Aberrant Promoter Methylation of Caveolin-1 Is Associated with Favorable Response to Taxane-Platinum Combination Chemotherapy in Advanced NSCLC

Seth A. Brodie; Courtney Lombardo; Ge Li; Jeanne Kowalski; Khanjan Gandhi; Shaojin You; Fadlo R. Khuri; Adam I. Marcus; Paula M. Vertino; Johann C. Brandes

Purpose Aberrant promoter DNA methylation can serve as a predictive biomarker for improved clinical responses to certain chemotherapeutics. One of the major advantages of methylation biomarkers is the ease of detection and clinical application. In order to identify methylation biomarkers predictive of a response to a taxane-platinum based chemotherapy regimen in advanced NSCLC we performed an unbiased methylation analysis of 1,536 CpG dinucleotides in cancer-associated gene loci and correlated results with clinical outcomes.
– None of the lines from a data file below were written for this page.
(* Fix $\varphi\colon\{0,1\}^2\to\mathbb R$ and $\varepsilon\in(0,2)$. There exist constants $C>0$ and $\delta>0$ such that for every Erdős set $\mathscr B\subseteq\mathbb N$ with $1-d<\delta$, where $d=\prod_{b\in\mathscr B}(1-1/b)$, \[ \Big|\sum_{2\le\ell\le\min\mathscr B+1}\nu_\eta(\{y:y_0=0,\ y_1=\dots=y_{\ell-2}=1,\ y_{\ell-1}=0\})\log_2\Big(1+\frac{C_{0,0}^-}{C_{0,0}^+}\Big(\frac{\lambda_-}{\lambda_+}\Big)^{\ell-1}\Big)\Big|\le C(1-d)^{\varepsilon}. \]
   Context: $\mathscr B\subseteq\mathbb N$ is Erdős if it is infinite, pairwise coprime and $\sum_{b\in\mathscr B}1/b<\infty$. For $\mathscr B\subseteq\mathbb N$, $\mathcal F_{\mathscr B}=\mathbb Z\setminus\bigcup_{b\in\mathscr B}b\mathbb Z$, $\eta=\mathbf 1_{\mathcal F_{\mathscr B}}$. The Mirsky measure is $\nu_\eta=\Phi_*(m_H)$, where $H$ is the closure of $\{(n\bmod b)_{b\in\mathscr B}:n\in\mathbb Z\}$ in $\prod_{b\in\mathscr B}\mathbb Z/b\mathbb Z$, $m_H$ its Haar measure, and $\Phi(h)_n=1$ iff $h_b+n\not\equiv0\bmod b$ for all $b$; for Erdős $\mathscr B$, $\nu_\eta(\{y:y_0=1\})=d$. Let $\mathbf M=\begin{pmatrix}2^{\varphi(0,0)}&2^{\varphi(0,1)}\\2^{\varphi(1,0)}&2^{\varphi(1,1)}\end{pmatrix}$ with eigenvalues $\lambda_-<\lambda_+$, $\lambda_+>|\lambda_-|$; $C_{0,0}^\pm$ are the unique reals with $(\mathbf M^{n-1})_{0,0}=C_{0,0}^+\lambda_+^{n-1}+C_{0,0}^-\lambda_-^{n-1}$ for all $n\ge1$, with $C_{0,0}^+>0$. *)

theory Defs
  imports "HOL-Probability.Probability"
begin

definition erdos_set :: "nat set \<Rightarrow> bool" where
  "erdos_set B \<longleftrightarrow> 0 \<notin> B \<and> infinite B \<and> pairwise coprime B \<and>
     summable (\<lambda>n. if n \<in> B then 1 / real n else 0)"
Methods We studied a cohort of 49 patients (median age 62 years) with advanced NSCLC treated at the Atlanta VAMC between 1999 and 2010. Methylation analysis was done on the Illumina GoldenGate Cancer panel 1 methylation microarray platform. Methylation data were correlated with clinical response and adjusted for false discovery rates. Results Cav1 methylation emerged as a powerful predictor for achieving disease stabilization following platinum taxane based chemotherapy (p = 1.21E-05, FDR significance  = 0.018176). In Cox regression analysis after multivariate adjustment for age, performance status, gender, histology and the use of bevacizumab, CAV1 methylation was significantly associated with improved overall survival (HR 0.18 (95%CI: 0.03–0.94)). Silencing of CAV1 expression in lung cancer cell lines(A549, EKVX)by shRNA led to alterations in taxane retention. Conclusions CAV1 methylation is a predictor of disease stabilization and improved overall survival following chemotherapy with a taxane-platinum combination regimen in advanced NSCLC. CAV1 methylation may predict improved outcomes for other chemotherapeutic agents which are subject to cellular clearance mediated by caveolae.